NCPA - National Center for Policy Analysis

The Effect of the Strong Dollar on U.S. Growth

August 3, 2015

The U.S. dollar has appreciated around 12 percent since mid-2014, rising against almost all of our trading partners, with the largest gains against Japan, Mexico, Canada, and the euro area. There was far less movement against newly industrial Asian economies and hardly any change against China.

Exchange rate movements affect the trade balance by changing the prices of domestically produced goods relative to goods produced abroad, an outcome that in turn affects relative demand. A stronger dollar makes U.S. imports relatively cheaper than domestically produced goods, which pushes consumers to substitute towards imported goods and provides firms with relatively cheaper inputs from abroad. On the export side, a stronger dollar makes the price of U.S. exports more expensive when converted into foreign currency terms, reducing U.S. export growth.

Mary Amiti and Tyler Bodine-Smith of the New York Fed predict the following effects from a 10 percent increase in the dollar\'s value:

  • A 2.6 percent drop in export values in the first year
  • A 0.9 percent increase in import values in the first year.
  • A new reduction in GDP growth by 0.7 percent after two years.

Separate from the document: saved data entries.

(* Let $G$ be a connected graph, let $L$ be a list-assignment with $|L(u)|\ge\deg(u)+1$ for all $u\in V(G)$, and let $\alpha$ be an $L$-colouring. Fix $v,w\in V(G)$, let $d:=\mathrm{dist}(v,w)$, and let $P$ be a shortest $v,w$-path. If $v$ is unfrozen under $\alpha$, then there exists a recolouring sequence $\mathcal{S}$ from $\alpha$ to some $L$-colouring $\gamma$ such that (i) $w$ is unfrozen under $\gamma$, (ii) every vertex recoloured during $\mathcal{S}$ belongs to $V(P)\setminus\{w\}$, and (iii) $|\mathcal{S}|\le d$. Moreover, if $|L(v)|\ge\deg(v)+2$, then $v$ is also unfrozen under $\gamma$.
   Context: An $L$-colouring is a proper colouring $\varphi$ with $\varphi(v)\in L(v)$ for all $v$. A recolouring sequence is a sequence of single-vertex recolouring steps, each changing the colour of one vertex to another colour of its list so that the colouring remains proper; $|\mathcal{S}|$ is its number of steps. A vertex $u$ is frozen under $\varphi$ if every colour of $L(u)\setminus\{\varphi(u)\}$ appears on a neighbour of $u$, and unfrozen otherwise. *)

theory Defs
  imports Main
begin

definition simple_graph :: "'v set \<Rightarrow> ('v \<Rightarrow> 'v \<Rightarrow> bool) \<Rightarrow> bool" where
  "simple_graph V E \<longleftrightarrow> finite V \<and> (\<forall>x y. E x y \<longrightarrow> x \<in> V \<and> y \<in> V)
     \<and> (\<forall>x y. E x y \<longrightarrow> E y x) \<and> (\<forall>x. \<not> E x x)"

definition nbrs :: "'v set \<Rightarrow> ('v \<Rightarrow> 'v \<Rightarrow> bool) \<Rightarrow> 'v \<Rightarrow> 'v set" where
  "nbrs V E u = {x \<in> V. E u x}"

definition deg :: "'v set \<Rightarrow> ('v \<Rightarrow> 'v \<Rightarrow> bool) \<Rightarrow> 'v \<Rightarrow> nat" where
  "deg V E u = card (nbrs V E u)"

definition is_walk :: "'v set \<Rightarrow> ('v \<Rightarrow> 'v \<Rightarrow> bool) \<Rightarrow> 'v list \<Rightarrow> bool" where
  "is_walk V E p \<longleftrightarrow> p \<noteq> [] \<and> set p \<subseteq> V \<and> (\<forall>i. Suc i < length p \<longrightarrow> E (p ! i) (p ! Suc i))"

definition walk_between :: "'v set \<Rightarrow> ('v \<Rightarrow> 'v \<Rightarrow> bool) \<Rightarrow> 'v \<Rightarrow> 'v \<Rightarrow> 'v list \<Rightarrow> bool" where
  "walk_between V E u w p \<longleftrightarrow> is_walk V E p \<and> hd p = u \<and> last p = w"

definition connected_graph :: "'v set \<Rightarrow> ('v \<Rightarrow> 'v \<Rightarrow> bool) \<Rightarrow> bool" where
  "connected_graph V E \<longleftrightarrow> V \<noteq> {} \<and> (\<forall>u\<in>V. \<forall>w\<in>V. \<exists>p. walk_between V E u w p)"

definition dist :: "'v set \<Rightarrow> ('v \<Rightarrow> 'v \<Rightarrow> bool) \<Rightarrow> 'v \<Rightarrow> 'v \<Rightarrow> nat" where
  "dist V E u w = (LEAST n. \<exists>p. walk_between V E u w p \<and> length p = Suc n)"

text \<open>A shortest u,w-path: a walk from u to w with exactly dist(u,w) edges (hence a path).\<close>
definition shortest_path :: "'v set \<Rightarrow> ('v \<Rightarrow> 'v \<Rightarrow> bool) \<Rightarrow> 'v \<Rightarrow> 'v \<Rightarrow> 'v list \<Rightarrow> bool" where
  "shortest_path V E u w p \<longleftrightarrow> walk_between V E u w p \<and> length p = Suc (dist V E u w)"

definition L_colouring :: "'v set \<Rightarrow> ('v \<Rightarrow> 'v \<Rightarrow> bool) \<Rightarrow> ('v \<Rightarrow> 'c set) \<Rightarrow> ('v \<Rightarrow> 'c) \<Rightarrow> bool" where
  "L_colouring V E L \<phi> \<longleftrightarrow> (\<forall>u\<in>V. \<phi> u \<in> L u) \<and> (\<forall>x\<in>V. \<forall>y\<in>V. E x y \<longrightarrow> \<phi> x \<noteq> \<phi> y)"

definition frozen :: "'v set \<Rightarrow> ('v \<Rightarrow> 'v \<Rightarrow> bool) \<Rightarrow> ('v \<Rightarrow> 'c set) \<Rightarrow> ('v \<Rightarrow> 'c) \<Rightarrow> 'v \<Rightarrow> bool" where
  "frozen V E L \<phi> u \<longleftrightarrow> (\<forall>c \<in> L u - {\<phi> u}. \<exists>x \<in> nbrs V E u. \<phi> x = c)"

definition unfrozen :: "'v set \<Rightarrow> ('v \<Rightarrow> 'v \<Rightarrow> bool) \<Rightarrow> ('v \<Rightarrow> 'c set) \<Rightarrow> ('v \<Rightarrow> 'c) \<Rightarrow> 'v \<Rightarrow> bool" where
  "unfrozen V E L \<phi> u \<longleftrightarrow> \<not> frozen V E L \<phi> u"

fun recol_seq :: "'v set \<Rightarrow> ('v \<Rightarrow> 'v \<Rightarrow> bool) \<Rightarrow> ('v \<Rightarrow> 'c set) \<Rightarrow> ('v \<Rightarrow> 'c) \<Rightarrow> ('v \<times> 'c) list \<Rightarrow> bool" where
  "recol_seq V E L \<phi> [] = True"
| "recol_seq V E L \<phi> ((x, c) # S) \<longleftrightarrow>
     x \<in> V \<and> c \<in> L x \<and> c \<noteq> \<phi> x \<and> L_colouring V E L (\<phi>(x := c)) \<and> recol_seq V E L (\<phi>(x := c)) S"

fun apply_seq :: "('v \<Rightarrow> 'c) \<Rightarrow> ('v \<times> 'c) list \<Rightarrow> ('v \<Rightarrow> 'c)" where
  "apply_seq \<phi> [] = \<phi>"
| "apply_seq \<phi> ((x, c) # S) = apply_seq (\<phi>(x := c)) S"

end

theory Submission
  imports Defs
begin

text \<open>Walk along \<open>P\<close> from \<open>v\<close>, keeping the current vertex \<open>u\<close> unfrozen. If the next vertex \<open>q\<close>
  is frozen, then \<open>|L(q)| \<ge> deg(q) + 1\<close> forces the neighbours of \<open>q\<close> to carry pairwise distinct
  colours, exactly those of \<open>L(q)\<close> other than the colour of \<open>q\<close>; recolouring \<open>u\<close> (possible since
  \<open>u\<close> is unfrozen) therefore frees the old colour of \<open>u\<close> at \<open>q\<close>. Each edge of \<open>P\<close> thus costs at
  most one recolouring, never of \<open>w\<close>. A vertex with \<open>|L(v)| \<ge> deg(v) + 2\<close> is never frozen.\<close>

lemma finite_nbrs: "simple_graph V E \<Longrightarrow> finite (nbrs V E u)"
  unfolding simple_graph_def nbrs_def by auto

lemma is_walk_Cons_Cons:
  "is_walk V E (u # q # p) \<longleftrightarrow> u \<in> V \<and> E u q \<and> is_walk V E (q # p)"
  unfolding is_walk_def by (auto simp: less_Suc_eq_0_disj)

lemma frozen_iff_subset_image:
  "frozen V E L \<phi> u \<longleftrightarrow> L u - {\<phi> u} \<subseteq> \<phi> ` nbrs V E u"
  unfolding frozen_def by (force simp: image_iff)

lemma unfrozen_if_card_ge_deg_plus_2:
  assumes G: "simple_graph V E" and fin: "finite (L u)" and big: "card (L u) \<ge> deg V E u + 2"
  shows "unfrozen V E L \<phi> u"
  unfolding unfrozen_def
proof
  assume "frozen V E L \<phi> u"
  then have "card (L u - {\<phi> u}) \<le> card (\<phi> ` nbrs V E u)"
    using G by (simp add: frozen_iff_subset_image card_mono finite_nbrs)
  also have "\<dots> \<le> deg V E u"
    unfolding deg_def by (rule card_image_le[OF finite_nbrs[OF G]])
  finally show False
    using fin big by (simp add: card_Diff_singleton_if split: if_splits)
qed

lemma frozen_nbrs_colours_distinct:
  assumes G: "simple_graph V E" and fin: "finite (L q)" and big: "card (L q) \<ge> deg V E q + 1"
    and fr: "frozen V E L \<phi> q"
  shows "L q - {\<phi> q} = \<phi> ` nbrs V E q" and "inj_on \<phi> (nbrs V E q)"
proof -
  let ?N = "nbrs V E q"
  have fN: "finite ?N" using G by (rule finite_nbrs)
  have sub: "L q - {\<phi> q} \<subseteq> \<phi> ` ?N" using fr by (simp add: frozen_iff_subset_image)
  have "card ?N \<le> card (L q - {\<phi> q})"
    using fin big unfolding deg_def by (auto simp: card_Diff_singleton_if)
  moreover have "card (L q - {\<phi> q}) \<le> card (\<phi> ` ?N)" using sub fN by (simp add: card_mono)
  moreover have "card (\<phi> ` ?N) \<le> card ?N" using fN by (rule card_image_le)
  ultimately have cards: "card (L q - {\<phi> q}) = card (\<phi> ` ?N)" "card (\<phi> ` ?N) = card ?N"
    by linarith+
  show "L q - {\<phi> q} = \<phi> ` ?N" using card_seteq[OF finite_imageI[OF fN] sub] cards(1) by simp
  show "inj_on \<phi> ?N" using eq_card_imp_inj_on[OF fN cards(2)] .
qed

lemma unfrozen_fun_upd_nbr:
  assumes G: "simple_graph V E" and fin: "finite (L q)" and big: "card (L q) \<ge> deg V E q + 1"
    and fr: "frozen V E L \<phi> q" and uq: "E u q" and c: "c \<noteq> \<phi> u"
  shows "unfrozen V E L (\<phi>(u := c)) q"
proof -
  let ?N = "nbrs V E q"
  have u_nbr: "u \<in> ?N" and u_ne_q: "u \<noteq> q"
    using G uq unfolding simple_graph_def nbrs_def by blast+
  have freed: "\<phi> u \<in> L q - {\<phi> q}"
    using frozen_nbrs_colours_distinct(1)[OF G fin big fr] u_nbr by blast
  have "(\<phi>(u := c)) x \<noteq> \<phi> u" if "x \<in> ?N" for x
    using c inj_onD[OF frozen_nbrs_colours_distinct(2)[OF G fin big fr] _ that u_nbr] by auto
  with freed u_ne_q show ?thesis unfolding unfrozen_def frozen_def by (metis fun_upd_other)
qed

lemma L_colouring_recolour_unfrozen:
  assumes G: "simple_graph V E" and col: "L_colouring V E L \<phi>" and unf: "unfrozen V E L \<phi> u"
  obtains c where "c \<in> L u" "c \<noteq> \<phi> u" "L_colouring V E L (\<phi>(u := c))"
proof -
  from unf obtain c where c: "c \<in> L u" "c \<noteq> \<phi> u" and free: "\<forall>x\<in>nbrs V E u. \<phi> x \<noteq> c"
    unfolding unfrozen_def frozen_def by blast
  have "L_colouring V E L (\<phi>(u := c))"
    using col c free G unfolding L_colouring_def simple_graph_def nbrs_def by auto
  with c that show ?thesis by blast
qed

lemma walk_recolouring_unfreezes_last:
  assumes G: "simple_graph V E" and LL: "\<forall>u\<in>V. finite (L u) \<and> card (L u) \<ge> deg V E u + 1"
  shows "is_walk V E p \<Longrightarrow> L_colouring V E L \<phi> \<Longrightarrow> unfrozen V E L \<phi> (hd p) \<Longrightarrow>
    \<exists>S. recol_seq V E L \<phi> S \<and> unfrozen V E L (apply_seq \<phi> S) (last p)
      \<and> fst ` set S \<subseteq> set p - {last p} \<and> length S < length p"
proof (induction p arbitrary: \<phi>)
  case Nil
  then show ?case by (simp add: is_walk_def)
next
  case (Cons u p)
  show ?case
  proof (cases "p = [] \<or> u = last p")
    case True
    then show ?thesis using Cons.prems(3) by (intro exI[of _ "[]"]) auto
  next
    case False
    then obtain q p' where p: "p = q # p'" and u_ne_last: "u \<noteq> last p"
      by (cases p) auto
    have walk: "is_walk V E p" and u: "u \<in> V" and uq: "E u q"
      using Cons.prems(1) by (simp_all add: p is_walk_Cons_Cons)
    have qV: "q \<in> V" using walk by (simp add: p is_walk_def)
    show ?thesis
    proof (cases "unfrozen V E L \<phi> q")
      case True
      then obtain S where "recol_seq V E L \<phi> S" "unfrozen V E L (apply_seq \<phi> S) (last p)"
        "fst ` set S \<subseteq> set p - {last p}" "length S < length p"
        using Cons.IH[OF walk Cons.prems(2)] by (auto simp: p)
      then show ?thesis using p by (intro exI[of _ S]) auto
    next
      case False
      obtain c where c: "c \<in> L u" "c \<noteq> \<phi> u" and col: "L_colouring V E L (\<phi>(u := c))"
        using L_colouring_recolour_unfrozen[OF G Cons.prems(2)] Cons.prems(3) by auto
      have "unfrozen V E L (\<phi>(u := c)) (hd p)"
        using unfrozen_fun_upd_nbr[of V E L q \<phi> u c] G LL qV False uq c(2) by (simp add: p unfrozen_def)
      then obtain S where "recol_seq V E L (\<phi>(u := c)) S"
        "unfrozen V E L (apply_seq (\<phi>(u := c)) S) (last p)"
        "fst ` set S \<subseteq> set p - {last p}" "length S < length p"
        using Cons.IH[OF walk col] by blast
      then show ?thesis using c u col u_ne_last p by (intro exI[of _ "(u, c) # S"]) auto
    qed
  qed
qed

theorem mainTheorem5:
  fixes V :: "'v set" and E :: "'v \<Rightarrow> 'v \<Rightarrow> bool"
    and L :: "'v \<Rightarrow> 'c set" and \<alpha> :: "'v \<Rightarrow> 'c"
    and v w :: 'v and P :: "'v list"
  assumes "simple_graph V E" and "connected_graph V E"
    and "\<forall>u\<in>V. finite (L u) \<and> card (L u) \<ge> deg V E u + 1"
    and "L_colouring V E L \<alpha>"
    and "v \<in> V" and "w \<in> V"
    and "shortest_path V E v w P"
    and "unfrozen V E L \<alpha> v"
  shows "\<exists>S. recol_seq V E L \<alpha> S
           \<and> unfrozen V E L (apply_seq \<alpha> S) w
           \<and> (\<forall>(x, c) \<in> set S. x \<in> set P - {w})
           \<and> length S \<le> dist V E v w
           \<and> (card (L v) \<ge> deg V E v + 2 \<longrightarrow> unfrozen V E L (apply_seq \<alpha> S) v)"
proof -
  have P: "is_walk V E P" "hd P = v" "last P = w" "length P = Suc (dist V E v w)"
    using assms(7) unfolding shortest_path_def walk_between_def by auto
  obtain S where S: "recol_seq V E L \<alpha> S" "unfrozen V E L (apply_seq \<alpha> S) w"
      "fst ` set S \<subseteq> set P - {w}" "length S \<le> dist V E v w"
    using walk_recolouring_unfreezes_last[OF assms(1,3) P(1) assms(4)] P assms(8) by auto
  have "card (L v) \<ge> deg V E v + 2 \<longrightarrow> unfrozen V E L (apply_seq \<alpha> S) v"
    using unfrozen_if_card_ge_deg_plus_2[OF assms(1)] assms(3,5) by blast
  with S show ?thesis by fastforce
qed

end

The New York Fed trade model does not include other channels through which the exchange rate can also affect U.S. growth. For example, the decline in U.S. exporters\' profitability could reduce their domestic investment spending on plant and equipment. On the upside, lower prices of imported inputs reduce firms\' marginal costs, which increase firms\' profitability. Moreover, lower import prices increase consumers\' disposable income, boosting consumption of both imports and domestically produced goods and services. Such indirect effects are potentially important, but they are a lot more difficult to quantify.